▶ _DIRECTIONS FOR THIS TASK_
For this exercise, output every line of the data as it stands.

════════

lemma integral_01_linear_product:
  "integral {0..1} (\<lambda>x :: real. (a + x * b) * (c + x * e)) = a * c + (a * e + b * c) / 2 + b * e / 3"
proof -
  let ?F = "\<lambda>x :: real. a * c * x + (a * e + b * c) * x^2 / 2 + b * e * x^3 / 3"
  have "((\<lambda>x. (a + x * b) * (c + x * e)) has_integral (?F 1 - ?F 0)) {0..1}"
  proof (rule fundamental_theorem_of_calculus)
    fix x :: real
    have "(?F has_real_derivative (a + x * b) * (c + x * e)) (at x within {0..1})"
      by (auto intro!: derivative_eq_intros simp: algebra_simps power2_eq_square)
    then show "(?F has_vector_derivative (a + x * b) * (c + x * e)) (at x within {0..1})"
      by (simp add: has_real_derivative_iff_has_vector_derivative)
  qed simp
  then show ?thesis by (simp add: integral_unique)
qed

lemma P1_local_entries:
  assumes "phi i = [:ai, bi:]" and "phi j = [:aj, bj:]"
  shows "massM phi i j = ai * aj + (ai * bj + bi * aj) / 2 + bi * bj / 3"
    and "stiffK phi i j - KR phi i j + KSB phi d i j = bi * aj + bi * bj / 2 - (ai + bi) * (aj + bj) - ai * bj * d"
proof -
  show "massM phi i j = ai * aj + (ai * bj + bi * aj) / 2 + bi * bj / 3"
    using assms integral_01_linear_product[of ai bi aj bj] by (simp add: massM_def cell_basis_def)
  have "stiffK phi i j = integral {0..1} (\<lambda>x :: real. (bi + x * 0) * (aj + x * bj))"
    using assms by (simp add: stiffK_def cell_basis_def cell_basis_dx_def pderiv_pCons)
  then show "stiffK phi i j - KR phi i j + KSB phi d i j = bi * aj + bi * bj / 2 - (ai + bi) * (aj + bj) - ai * bj * d"
    using assms integral_01_linear_product[of bi 0 aj bj]
    by (simp add: KR_def KSB_def cell_basis_def algebra_simps)
qed

lemma det_local_mass_1:
  "det (local_mass 1 phi) = massM phi 0 0 * massM phi 1 1 - massM phi 0 1 * massM phi 1 0"
proof -
  have "local_mass 1 phi \<in> carrier_mat 2 2" by (simp add: local_mass_def numeral_2_eq_2)
  then show ?thesis by (simp add: det_2x2 local_mass_def)
qed

lemma det_local_mass_P1:
  assumes "phi 0 = [:a0, b0:]" and "phi 1 = [:a1, b1:]"
  shows "det (local_mass 1 phi) = (a0 * b1 - a1 * b0)^2 / 12"
proof -
  note entries = P1_local_entries[where phi = phi]
  have "det (local_mass 1 phi) = massM phi 0 0 * massM phi 1 1 - massM phi 0 1 * massM phi 1 0"
    by (rule det_local_mass_1)
  also have "\<dots> = (a0 * b1 - a1 * b0)^2 / 12"
    unfolding entries(1)[OF assms(1) assms(1)] entries(1)[OF assms(1) assms(2)]
      entries(1)[OF assms(2) assms(1)] entries(1)[OF assms(2) assms(2)]
    by (simp add: field_simps power2_eq_square; algebra)
  finally show ?thesis .
qed

lemma det_local_pencil_P1:
  assumes "phi 0 = [:a0, b0:]" and "phi 1 = [:a1, b1:]"
  shows "det (pencil (local_mass 1 phi) (local_flux 1 phi d)) = [:det (local_mass 1 phi):] * [:6, 4 - 6 * d, 1:]"
proof -
  note entries = P1_local_entries[where phi = phi]
  let ?F = "\<lambda>i j. stiffK phi i j - KR phi i j + KSB phi d i j"
  let ?P = "pencil (local_mass 1 phi) (local_flux 1 phi d)"
  have "?P \<in> carrier_mat 2 2" by (simp add: local_flux_def numeral_2_eq_2)
  then have "det ?P = [:- ?F 0 0, massM phi 0 0:] * [:- ?F 1 1, massM phi 1 1:]
                    - [:- ?F 0 1, massM phi 0 1:] * [:- ?F 1 0, massM phi 1 0:]"
    by (simp add: det_2x2 local_mass_def local_flux_def)
  also have "\<dots> = [:massM phi 0 0 * massM phi 1 1 - massM phi 0 1 * massM phi 1 0:] * [:6, 4 - 6 * d, 1:]"
    unfolding entries[OF assms(1) assms(1)] entries[OF assms(1) assms(2)]
      entries[OF assms(2) assms(1)] entries[OF assms(2) assms(2)]
    by (simp add: algebra_simps) (simp add: field_simps; algebra)
  also have "massM phi 0 0 * massM phi 1 1 - massM phi 0 1 * massM phi 1 0 = det (local_mass 1 phi)"
    by (rule det_local_mass_1[symmetric])
  finally show ?thesis .
qed

theorem mainTheorem2:
  fixes phi :: "nat \<Rightarrow> real poly" and N :: nat and d :: real
  assumes "is_Pp_basis 1 phi" and "N \<ge> 1"
  shows "char_poly (the (mat_inverse (globalM 1 phi N)) * globalK 1 phi d N)
           = [:6, 4, 1:] ^ (N - 1) * [:6, 4 - 6 * d, 1:]"
proof -
  obtain a0 b0 a1 b1 where phi: "phi 0 = [:a0, b0:]" "phi 1 = [:a1, b1:]"
    and nonsingular: "a0 * b1 - a1 * b0 \<noteq> 0"
    using P1_basis_coeffs[OF assms(1)] by blast
  obtain n where N: "N = Suc n" using assms(2) by (cases N) auto
  define m where "m = det (local_mass 1 phi)"
  have "m \<noteq> 0" unfolding m_def det_local_mass_P1[OF phi] using nonsingular by simp
  have carrier: "local_mass 1 phi \<in> carrier_mat 2 2" "local_flux 1 phi t \<in> carrier_mat 2 2"
    "local_coupling 1 phi \<in> carrier_mat 2 2" for t
    by (simp_all add: local_mass_def local_flux_def local_coupling_def numeral_2_eq_2)
  let ?A = "the (mat_inverse (globalM 1 phi N)) * globalK 1 phi d N"
  have "[:m ^ N:] * char_poly ?A
      = det (pencil (local_mass 1 phi) (local_flux 1 phi d)) * det (pencil (local_mass 1 phi) (local_flux 1 phi 0)) ^ n"
    unfolding globalM_eq_block_bidiag globalK_eq_block_bidiag one_add_one N m_def
    by (rule char_poly_inverse_mult_block_bidiag[OF carrier(1) carrier(2) carrier(2) carrier(3)])
      (use \<open>m \<noteq> 0\<close> in \<open>simp add: m_def\<close>)
  also have "\<dots> = [:m:] * [:6, 4 - 6 * d, 1:] * ([:m:] * [:6, 4, 1:]) ^ n"
    using det_local_pencil_P1[OF phi, of d] det_local_pencil_P1[OF phi, of 0] by (simp add: m_def)
  also have "\<dots> = [:m ^ N:] * ([:6, 4, 1:] ^ (N - 1) * [:6, 4 - 6 * d, 1:])"
    unfolding N diff_Suc_1 power_mult_distrib power_Suc mult_to_poly[symmetric] poly_const_pow[symmetric]
    by (simp only: mult_ac)
  finally show ?thesis
    using \<open>m \<noteq> 0\<close> mult_left_cancel[of "[:m ^ N:]"] by simp
qed

end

════════

▶ _TASK SOLUTION_
lemma integral_01_linear_product:
  "integral {0..1} (\<lambda>x :: real. (a + x * b) * (c + x * e)) = a * c + (a * e + b * c) / 2 + b * e / 3"
proof -
  let ?F = "\<lambda>x :: real. a * c * x + (a * e + b * c) * x^2 / 2 + b * e * x^3 / 3"
  have "((\<lambda>x. (a + x * b) * (c + x * e)) has_integral (?F 1 - ?F 0)) {0..1}"
  proof (rule fundamental_theorem_of_calculus)
    fix x :: real
    have "(?F has_real_derivative (a + x * b) * (c + x * e)) (at x within {0..1})"
      by (auto intro!: derivative_eq_intros simp: algebra_simps power2_eq_square)
    then show "(?F has_vector_derivative (a + x * b) * (c + x * e)) (at x within {0..1})"
      by (simp add: has_real_derivative_iff_has_vector_derivative)
  qed simp
  then show ?thesis by (simp add: integral_unique)
qed

lemma P1_local_entries:
  assumes "phi i = [:ai, bi:]" and "phi j = [:aj, bj:]"
  shows "massM phi i j = ai * aj + (ai * bj + bi * aj) / 2 + bi * bj / 3"
    and "stiffK phi i j - KR phi i j + KSB phi d i j = bi * aj + bi * bj / 2 - (ai + bi) * (aj + bj) - ai * bj * d"
proof -
  show "massM phi i j = ai * aj + (ai * bj + bi * aj) / 2 + bi * bj / 3"
    using assms integral_01_linear_product[of ai bi aj bj] by (simp add: massM_def cell_basis_def)
  have "stiffK phi i j = integral {0..1} (\<lambda>x :: real. (bi + x * 0) * (aj + x * bj))"
    using assms by (simp add: stiffK_def cell_basis_def cell_basis_dx_def pderiv_pCons)
  then show "stiffK phi i j - KR phi i j + KSB phi d i j = bi * aj + bi * bj / 2 - (ai + bi) * (aj + bj) - ai * bj * d"
    using assms integral_01_linear_product[of bi 0 aj bj]
    by (simp add: KR_def KSB_def cell_basis_def algebra_simps)
qed

lemma det_local_mass_1:
  "det (local_mass 1 phi) = massM phi 0 0 * massM phi 1 1 - massM phi 0 1 * massM phi 1 0"
proof -
  have "local_mass 1 phi \<in> carrier_mat 2 2" by (simp add: local_mass_def numeral_2_eq_2)
  then show ?thesis by (simp add: det_2x2 local_mass_def)
qed

lemma det_local_mass_P1:
  assumes "phi 0 = [:a0, b0:]" and "phi 1 = [:a1, b1:]"
  shows "det (local_mass 1 phi) = (a0 * b1 - a1 * b0)^2 / 12"
proof -
  note entries = P1_local_entries[where phi = phi]
  have "det (local_mass 1 phi) = massM phi 0 0 * massM phi 1 1 - massM phi 0 1 * massM phi 1 0"
    by (rule det_local_mass_1)
  also have "\<dots> = (a0 * b1 - a1 * b0)^2 / 12"
    unfolding entries(1)[OF assms(1) assms(1)] entries(1)[OF assms(1) assms(2)]
      entries(1)[OF assms(2) assms(1)] entries(1)[OF assms(2) assms(2)]
    by (simp add: field_simps power2_eq_square; algebra)
  finally show ?thesis .
qed

lemma det_local_pencil_P1:
  assumes "phi 0 = [:a0, b0:]" and "phi 1 = [:a1, b1:]"
  shows "det (pencil (local_mass 1 phi) (local_flux 1 phi d)) = [:det (local_mass 1 phi):] * [:6, 4 - 6 * d, 1:]"
proof -
  note entries = P1_local_entries[where phi = phi]
  let ?F = "\<lambda>i j. stiffK phi i j - KR phi i j + KSB phi d i j"
  let ?P = "pencil (local_mass 1 phi) (local_flux 1 phi d)"
  have "?P \<in> carrier_mat 2 2" by (simp add: local_flux_def numeral_2_eq_2)
  then have "det ?P = [:- ?F 0 0, massM phi 0 0:] * [:- ?F 1 1, massM phi 1 1:]
                    - [:- ?F 0 1, massM phi 0 1:] * [:- ?F 1 0, massM phi 1 0:]"
    by (simp add: det_2x2 local_mass_def local_flux_def)
  also have "\<dots> = [:massM phi 0 0 * massM phi 1 1 - massM phi 0 1 * massM phi 1 0:] * [:6, 4 - 6 * d, 1:]"
    unfolding entries[OF assms(1) assms(1)] entries[OF assms(1) assms(2)]
      entries[OF assms(2) assms(1)] entries[OF assms(2) assms(2)]
    by (simp add: algebra_simps) (simp add: field_simps; algebra)
  also have "massM phi 0 0 * massM phi 1 1 - massM phi 0 1 * massM phi 1 0 = det (local_mass 1 phi)"
    by (rule det_local_mass_1[symmetric])
  finally show ?thesis .
qed

theorem mainTheorem2:
  fixes phi :: "nat \<Rightarrow> real poly" and N :: nat and d :: real
  assumes "is_Pp_basis 1 phi" and "N \<ge> 1"
  shows "char_poly (the (mat_inverse (globalM 1 phi N)) * globalK 1 phi d N)
           = [:6, 4, 1:] ^ (N - 1) * [:6, 4 - 6 * d, 1:]"
proof -
  obtain a0 b0 a1 b1 where phi: "phi 0 = [:a0, b0:]" "phi 1 = [:a1, b1:]"
    and nonsingular: "a0 * b1 - a1 * b0 \<noteq> 0"
    using P1_basis_coeffs[OF assms(1)] by blast
  obtain n where N: "N = Suc n" using assms(2) by (cases N) auto
  define m where "m = det (local_mass 1 phi)"
  have "m \<noteq> 0" unfolding m_def det_local_mass_P1[OF phi] using nonsingular by simp
  have carrier: "local_mass 1 phi \<in> carrier_mat 2 2" "local_flux 1 phi t \<in> carrier_mat 2 2"
    "local_coupling 1 phi \<in> carrier_mat 2 2" for t
    by (simp_all add: local_mass_def local_flux_def local_coupling_def numeral_2_eq_2)
  let ?A = "the (mat_inverse (globalM 1 phi N)) * globalK 1 phi d N"
  have "[:m ^ N:] * char_poly ?A
      = det (pencil (local_mass 1 phi) (local_flux 1 phi d)) * det (pencil (local_mass 1 phi) (local_flux 1 phi 0)) ^ n"
    unfolding globalM_eq_block_bidiag globalK_eq_block_bidiag one_add_one N m_def
    by (rule char_poly_inverse_mult_block_bidiag[OF carrier(1) carrier(2) carrier(2) carrier(3)])
      (use \<open>m \<noteq> 0\<close> in \<open>simp add: m_def\<close>)
  also have "\<dots> = [:m:] * [:6, 4 - 6 * d, 1:] * ([:m:] * [:6, 4, 1:]) ^ n"
    using det_local_pencil_P1[OF phi, of d] det_local_pencil_P1[OF phi, of 0] by (simp add: m_def)
  also have "\<dots> = [:m ^ N:] * ([:6, 4, 1:] ^ (N - 1) * [:6, 4 - 6 * d, 1:])"
    unfolding N diff_Suc_1 power_mult_distrib power_Suc mult_to_poly[symmetric] poly_const_pow[symmetric]
    by (simp only: mult_ac)
  finally show ?thesis
    using \<open>m \<noteq> 0\<close> mult_left_cancel[of "[:m ^ N:]"] by simp
qed

end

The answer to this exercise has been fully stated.